Let’s explore the generated predictions:

# Access the virtual staining predictions stored in the images dictionary
wsi.images["gigatime_prediction"]
<xarray.DataArray 'image' (c: 23, y: 2967, x: 2220)> Size: 606MB
dask.array<array, shape=(23, 2967, 2220), dtype=float32, chunksize=(23, 1207, 1207), chunktype=numpy.ndarray>
Coordinates:
  * c        (c) <U10 920B 'DAPI' 'TRITC' 'Cy5' ... 'PHH3-B' 'Transgelin'
  * y        (y) float64 24kB 0.5 1.5 2.5 3.5 ... 2.964e+03 2.966e+03 2.966e+03
  * x        (x) float64 18kB 0.5 1.5 2.5 3.5 ... 2.218e+03 2.218e+03 2.22e+03
Attributes:
    transform:  {'global': Scale (y, x)\n    [1. 1.]}
# Display all available biomarker channels predicted by the GigaTime model
wsi.images["gigatime_prediction"].c.data
array(['DAPI', 'TRITC', 'Cy5', 'PD-1', 'CD14', 'CD4', 'T-bet', 'CD34',
       'CD68', 'CD16', 'CD11c', 'CD138', 'CD20', 'CD3', 'CD8', 'PD-L1',
       'CK', 'Ki67', 'Tryptase', 'Actin-D', 'Caspase3-D', 'PHH3-B',
       'Transgelin'], dtype='<U10')
# Visualize all predicted biomarker channels in a grid layout
import matplotlib.pyplot as plt

# Create a 5x10 subplot grid to display all 50 biomarker channels
n_markers = wsi.images["gigatime_prediction"].data.shape[0]
n_cols = 10
n_rows = (n_markers + n_cols - 1) // n_cols  # Calculate number of rows needed
fig, axs = plt.subplots(n_rows, n_cols, figsize=(15, 2.5 * n_rows))
axs = axs.flatten()

# Plot each biomarker channel with its corresponding gene name as title
for i in range(n_markers):
    ax = axs[i]
    ax.imshow(wsi.images["gigatime_prediction"].data[i])
    ax.set_title(wsi.images["gigatime_prediction"].c.data[i], fontsize=8)
    ax.axis("off")

# Turn off any unused subplots
for j in range(i + 1, n_rows * n_cols):
    axs.flatten()[j].axis("off")

plt.tight_layout()
plt.show()
../_images/e7d5f9d2cb280062e244ec2e255be09bb1421861213f03dde3f3997c27c91ea5.png

You can also use spatialdata plot to overlay specific biomarker channels on the original H&E image for better visualization.

import spatialdata_plot  # noqa: F401

(
    wsi.pl.render_images("wsi_thumbnail")
    .pl.render_images("gigatime_prediction", channel=["DAPI"], alpha=0.5)
    .pl.show()
)
../_images/3b0511461fffa80571f88999f36e4ab714661e9754113b38dd209e0226fdaaf6.png

Summary#

Congratulations!
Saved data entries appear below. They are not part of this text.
(* Let $H$ satisfy Condition (H). For every $u\in(0,\partial_+)$ there is $v\in(u,\partial_+)$ such that for all $t\ge0$ and all $(x,p)\in(-v,v)\times\mathbb R$ with $t<t_{x,p}$ and $X_t^{x,p}\in(-u,u)$, one has $X_s^{x,p}\in(-v,v)$ for all $s\in[0,t]$.
   Context: $\mathbb K$ is either $\mathbb R$ or $[-1,1]$, with interior $\mathbb K^\circ$; $\partial_-=-\infty,\partial_+=+\infty$ if $\mathbb K=\mathbb R$ and $\partial_-=-1,\partial_+=1$ if $\mathbb K=[-1,1]$. The Lagrangian is $\mathcal L(x,v)=\sup_p(pv-H(x,p))$. The Hamilton equations are $\dot X=\partial_pH(X,P)$, $\dot P=-\partial_xH(X,P)$; $(X_s^{x,p},P_s^{x,p})$ is the solution from $(x,p)$ on its maximal interval of existence $[0,t_{x,p})$. Condition (H) on $H:\mathbb K\times\mathbb R\to\mathbb R$: $H(x,0)=0$ for all $x$, and (H1) $H$ is $C^2$ with $\partial_p^2H>0$ on $\mathbb K\times\mathbb R$; if $\mathbb K=[-1,1]$, $H$ is the restriction of a $C^2$ function on $(-1-\epsilon,1+\epsilon)\times\mathbb R$ for some $\epsilon>0$. (H2) for every compact $K\subseteq\mathbb K^\circ$ there is $\theta_K:[0,\infty)\to[0,\infty)$ with $\theta_K(r)/r\to\infty$ as $r\to\infty$; for every $M\ge0$ a constant $k_M$ with $\theta_K(r+m)\le k_M(1+\theta_K(r))$ for all $m\in[0,M]$, $r\ge0$; constants $c_K,C_K$ with $\mathcal L(x,v)\ge\theta_K(|v|)-c_K$ and $|\partial_x\mathcal L(x,v)|+|\partial_v\mathcal L(x,v)|\le C_K\theta_K(|v|)$ for all $x\in K,v\in\mathbb R$. (H3) for each compact $K\subseteq\mathbb K^\circ$, $\lim_{|p|\to\infty}\inf_{x\in K}H(x,p)/|p|=\infty$; if $\mathbb K=[-1,1]$ moreover $\lim_{p\to\infty}H(-1,p)/p=\infty$ and $\lim_{p\to-\infty}H(1,p)/(-p)=\infty$. (H4) $\lim_{x\to\partial_-}\operatorname{argmin}_pH(x,p)=-\infty$ and $\lim_{x\to\partial_+}\operatorname{argmin}_pH(x,p)=+\infty$. (H5) there are $(y_n^+,q_n^+)\in\mathbb K^\circ\times(0,\infty)$ converging to $(\partial_+,+\infty)$ with $\partial_pH(y_n^+,q)\ge0$ for $q\ge q_n^+$ and $-\partial_xH(y,q_n^+)\ge0$ for $y\ge y_n^+$, and $(y_n^-,q_n^-)\in\mathbb K^\circ\times(-\infty,0)$ converging to $(\partial_-,-\infty)$ with $\partial_pH(y_n^-,q)\le0$ for $q\le q_n^-$ and $-\partial_xH(y,q_n^-)\le0$ for $y\le y_n^-$. *)

theory Defs
  imports "HOL-Analysis.Analysis"
begin
(* The optimal value of problem (P4) (the mixed-autonomy system) is no less than the optimal value of problem (P4) with the additional constraint $z_i=0$ for all $i$ (the human-only system).
   Context: Model: $n$ locations; $\theta_i>0$; $\alpha_{ij}\ge0$ with $\alpha_{ii}=0$, $\sum_j\alpha_{ij}=1$, and the directed graph with adjacency matrix $[\alpha_{ij}]$ strongly connected; $\beta\in(0,1)$; $\omega>0$; $s\ge0$; $F$ a continuous cumulative distribution function with support $[0,\bar p]$. Problem (P4): maximize over $\{p_i,\delta_i,x_i,y_{ij},z_i,r_{ij}\}$ the objective $\sum_i p_i\theta_i(1-F(p_i))-\omega\sum_i\delta_i-s\sum_i z_i$ subject to, for all $i$: $d_i=\theta_i(1-F(p_i))$; $x_i=\beta\big[\sum_j\alpha_{ji}\min\{x_j,d_j\}+\sum_j y_{ji}\big]+\delta_i$; $\sum_j y_{ij}=\max\{x_i-d_i,0\}$; $z_i=\sum_j\alpha_{ji}\max\{d_j-x_j,0\}+\sum_j r_{ji}$; $\sum_j r_{ij}=z_i-\max\{d_i-x_i,0\}$; all variables nonnegative. *)

theory Defs
  imports "HOL-Analysis.Analysis"
begin

text \<open>Locations are the elements of a finite type 'n.
  A decision vector of problem (P4) is a tuple (p, delta, x, y, z, r).\<close>

type_synonym 'n decision =
  "('n \<Rightarrow> real) \<times> ('n \<Rightarrow> real) \<times> ('n \<Rightarrow> real) \<times> ('n \<Rightarrow> 'n \<Rightarrow> real)
   \<times> ('n \<Rightarrow> real) \<times> ('n \<Rightarrow> 'n \<Rightarrow> real)"

definition continuous_cdf_support :: "(real \<Rightarrow> real) \<Rightarrow> real \<Rightarrow> bool" where
  "continuous_cdf_support F pbar \<longleftrightarrow>
     continuous_on UNIV F \<and> mono F \<and>
     (\<forall>t\<le>0. F t = 0) \<and> (\<forall>t\<ge>pbar. F t = 1) \<and>
     (\<forall>s t. 0 \<le> s \<longrightarrow> s < t \<longrightarrow> t \<le> pbar \<longrightarrow> F s < F t)"

definition routing_matrix :: "('n::finite \<Rightarrow> 'n \<Rightarrow> real) \<Rightarrow> bool" where
  "routing_matrix \<alpha> \<longleftrightarrow>
     (\<forall>i j. \<alpha> i j \<ge> 0) \<and> (\<forall>i. \<alpha> i i = 0) \<and> (\<forall>i. (\<Sum>j\<in>UNIV. \<alpha> i j) = 1) \<and>
     (\<forall>i j. (i, j) \<in> {(a, b). \<alpha> a b > 0}\<^sup>*)"

definition P4_demand :: "('n \<Rightarrow> real) \<Rightarrow> (real \<Rightarrow> real) \<Rightarrow> ('n \<Rightarrow> real) \<Rightarrow> 'n \<Rightarrow> real" where
  "P4_demand \<theta> F p i = \<theta> i * (1 - F (p i))"

definition P4_feasible ::
  "('n::finite \<Rightarrow> real) \<Rightarrow> ('n \<Rightarrow> 'n \<Rightarrow> real) \<Rightarrow> real \<Rightarrow> (real \<Rightarrow> real) \<Rightarrow> 'n decision \<Rightarrow> bool" where
  "P4_feasible \<theta> \<alpha> \<beta> F v \<longleftrightarrow>
     (case v of (p, \<delta>, x, y, z, r) \<Rightarrow>
       (let d = P4_demand \<theta> F p in
        (\<forall>i. x i = \<beta> * ((\<Sum>j\<in>UNIV. \<alpha> j i * min (x j) (d j)) + (\<Sum>j\<in>UNIV. y j i)) + \<delta> i) \<and>
        (\<forall>i. (\<Sum>j\<in>UNIV. y i j) = max (x i - d i) 0) \<and>
        (\<forall>i. z i = (\<Sum>j\<in>UNIV. \<alpha> j i * max (d j - x j) 0) + (\<Sum>j\<in>UNIV. r j i)) \<and>
        (\<forall>i. (\<Sum>j\<in>UNIV. r i j) = z i - max (d i - x i) 0) \<and>
        (\<forall>i. p i \<ge> 0 \<and> \<delta> i \<ge> 0 \<and> x i \<ge> 0 \<and> z i \<ge> 0 \<and> d i \<ge> 0) \<and>
        (\<forall>i j. y i j \<ge> 0 \<and> r i j \<ge> 0)))"

definition P4_objective ::
  "('n::finite \<Rightarrow> real) \<Rightarrow> real \<Rightarrow> real \<Rightarrow> (real \<Rightarrow> real) \<Rightarrow> 'n decision \<Rightarrow> real" where
  "P4_objective \<theta> \<omega> s F v =
     (case v of (p, \<delta>, x, y, z, r) \<Rightarrow>
        (\<Sum>i\<in>UNIV. p i * \<theta> i * (1 - F (p i))) - \<omega> * (\<Sum>i\<in>UNIV. \<delta> i) - s * (\<Sum>i\<in>UNIV. z i))"

text \<open>Optimal value of (P4) (mixed autonomy) and of (P4) with z = 0 (human only).\<close>
definition P4_value ::
  "('n::finite \<Rightarrow> real) \<Rightarrow> ('n \<Rightarrow> 'n \<Rightarrow> real) \<Rightarrow> real \<Rightarrow> real \<Rightarrow> real \<Rightarrow> (real \<Rightarrow> real) \<Rightarrow> real" where
  "P4_value \<theta> \<alpha> \<beta> \<omega> s F =
     Sup (P4_objective \<theta> \<omega> s F ` {v. P4_feasible \<theta> \<alpha> \<beta> F v})"

definition P4_human_value ::
  "('n::finite \<Rightarrow> real) \<Rightarrow> ('n \<Rightarrow> 'n \<Rightarrow> real) \<Rightarrow> real \<Rightarrow> real \<Rightarrow> real \<Rightarrow> (real \<Rightarrow> real) \<Rightarrow> real" where
  "P4_human_value \<theta> \<alpha> \<beta> \<omega> s F =
     Sup (P4_objective \<theta> \<omega> s F `
          {v. P4_feasible \<theta> \<alpha> \<beta> F v \<and> (\<forall>i. fst (snd (snd (snd (snd v)))) i = 0)})"

end

theory Submission
  imports Defs
begin

text \<open>Every human-only decision is feasible for the mixed-autonomy problem, so the second
  supremum is taken over a subset of the first. The comparison of suprema is legitimate because
  the human-only set is nonempty (price every location at max pbar 0: demand vanishes and the
  all-zero fleet is feasible) and the mixed-autonomy objective is bounded above (the revenue
  q (1 - F q) of a single location never exceeds max pbar 0, and the costs are nonnegative).\<close>

lemma continuous_cdf_support_bounds:
  assumes "continuous_cdf_support F pbar"
  shows "0 \<le> F t" and "F t \<le> 1"
proof -
  have "mono F" and "F (min t 0) = 0" and "F (max t pbar) = 1"
    using assms unfolding continuous_cdf_support_def by auto
  then show "0 \<le> F t" and "F t \<le> 1"
    by (metis min.cobounded1 monoD, metis max.cobounded1 monoD)
qed

lemma continuous_cdf_support_revenue_le:
  assumes "continuous_cdf_support F pbar" and "0 \<le> q"
  shows "q * (1 - F q) \<le> max pbar 0"
proof (cases "pbar \<le> q")
  case True
  then have "F q = 1" using assms(1) unfolding continuous_cdf_support_def by auto
  then show ?thesis by simp
next
  case False
  have "q * (1 - F q) \<le> q"
    using assms continuous_cdf_support_bounds(1)[OF assms(1), of q]
    by (simp add: mult_left_le)
  with False show ?thesis by simp
qed

lemma P4_objective_le:
  assumes "continuous_cdf_support F pbar" and "\<forall>i. \<theta> i \<ge> 0"
    and "\<omega> \<ge> 0" and "s \<ge> 0" and "P4_feasible \<theta> \<alpha> \<beta> F v"
  shows "P4_objective \<theta> \<omega> s F v \<le> (\<Sum>i\<in>UNIV. \<theta> i * max pbar 0)"
proof -
  obtain p \<delta> x y z r where v: "v = (p, \<delta>, x, y, z, r)" by (metis prod_cases6)
  have nonneg: "p i \<ge> 0" "\<delta> i \<ge> 0" "z i \<ge> 0" for i
    using assms(5) unfolding v P4_feasible_def Let_def prod.case by blast+
  have revenue: "(\<Sum>i\<in>UNIV. p i * \<theta> i * (1 - F (p i))) \<le> (\<Sum>i\<in>UNIV. \<theta> i * max pbar 0)"
  proof (rule sum_mono)
    fix i
    have "\<theta> i * (p i * (1 - F (p i))) \<le> \<theta> i * max pbar 0"
      using assms(2) continuous_cdf_support_revenue_le[OF assms(1) nonneg(1)]
      by (intro mult_left_mono) auto
    then show "p i * \<theta> i * (1 - F (p i)) \<le> \<theta> i * max pbar 0"
      by (simp add: ac_simps)
  qed
  have "\<omega> * (\<Sum>i\<in>UNIV. \<delta> i) \<ge> 0" and "s * (\<Sum>i\<in>UNIV. z i) \<ge> 0"
    using assms(3,4) nonneg by (simp_all add: sum_nonneg)
  with revenue show ?thesis unfolding v P4_objective_def by simp
qed

lemma P4_feasible_idle_fleet:
  assumes "continuous_cdf_support F pbar"
  shows "P4_feasible \<theta> \<alpha> \<beta> F ((\<lambda>_. max pbar 0), (\<lambda>_. 0), (\<lambda>_. 0), (\<lambda>_ _. 0), (\<lambda>_. 0), (\<lambda>_ _. 0))"
proof -
  have "F (max pbar 0) = 1" using assms unfolding continuous_cdf_support_def by auto
  then have "P4_demand \<theta> F (\<lambda>_. max pbar 0) = (\<lambda>_. 0)" by (auto simp: P4_demand_def)
  then show ?thesis unfolding P4_feasible_def Let_def prod.case by simp
qed

theorem corollary1:
  fixes \<theta> :: "'n::finite \<Rightarrow> real" and \<alpha> :: "'n \<Rightarrow> 'n \<Rightarrow> real"
    and \<beta> \<omega> s pbar :: real and F :: "real \<Rightarrow> real"
  assumes "\<forall>i. \<theta> i > 0"
    and "routing_matrix \<alpha>"
    and "0 < \<beta>" and "\<beta> < 1"
    and "\<omega> > 0" and "s \<ge> 0"
    and "continuous_cdf_support F pbar"
  shows "P4_value \<theta> \<alpha> \<beta> \<omega> s F \<ge> P4_human_value \<theta> \<alpha> \<beta> \<omega> s F"
proof -
  let ?obj = "P4_objective \<theta> \<omega> s F"
  let ?mixed = "{v. P4_feasible \<theta> \<alpha> \<beta> F v}"
  let ?human = "{v. P4_feasible \<theta> \<alpha> \<beta> F v \<and> (\<forall>i. fst (snd (snd (snd (snd v)))) i = 0)}"
  have "?obj ` ?human \<noteq> {}"
    using P4_feasible_idle_fleet[OF assms(7)] by fastforce
  moreover have "bdd_above (?obj ` ?mixed)"
  proof (rule bdd_aboveI2)
    fix v assume "v \<in> ?mixed"
    then show "?obj v \<le> (\<Sum>i\<in>UNIV. \<theta> i * max pbar 0)"
      using assms(1,5,6) by (intro P4_objective_le[OF assms(7)]) (auto simp: less_imp_le)
  qed
  moreover have "?obj ` ?human \<subseteq> ?obj ` ?mixed" by auto
  ultimately show ?thesis
    unfolding P4_value_def P4_human_value_def by (rule cSup_subset_mono)
qed

end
You’ve successfully applied virtual staining to transform a standard H&E image into a rich, multiplexed dataset. This technique opens up numerous possibilities for:

  • Biomarker discovery: Identify spatial patterns of gene expression without expensive assays

  • Digital pathology: Enhance routine histological analysis with molecular insights

  • Research acceleration: Generate hypotheses about tissue biology from existing slide archives

  • Cost-effective screening: Prioritize samples for expensive molecular assays

The virtual staining approach represents a powerful bridge between traditional histopathology and modern molecular biology, enabling researchers to extract maximum value from standard histological preparations.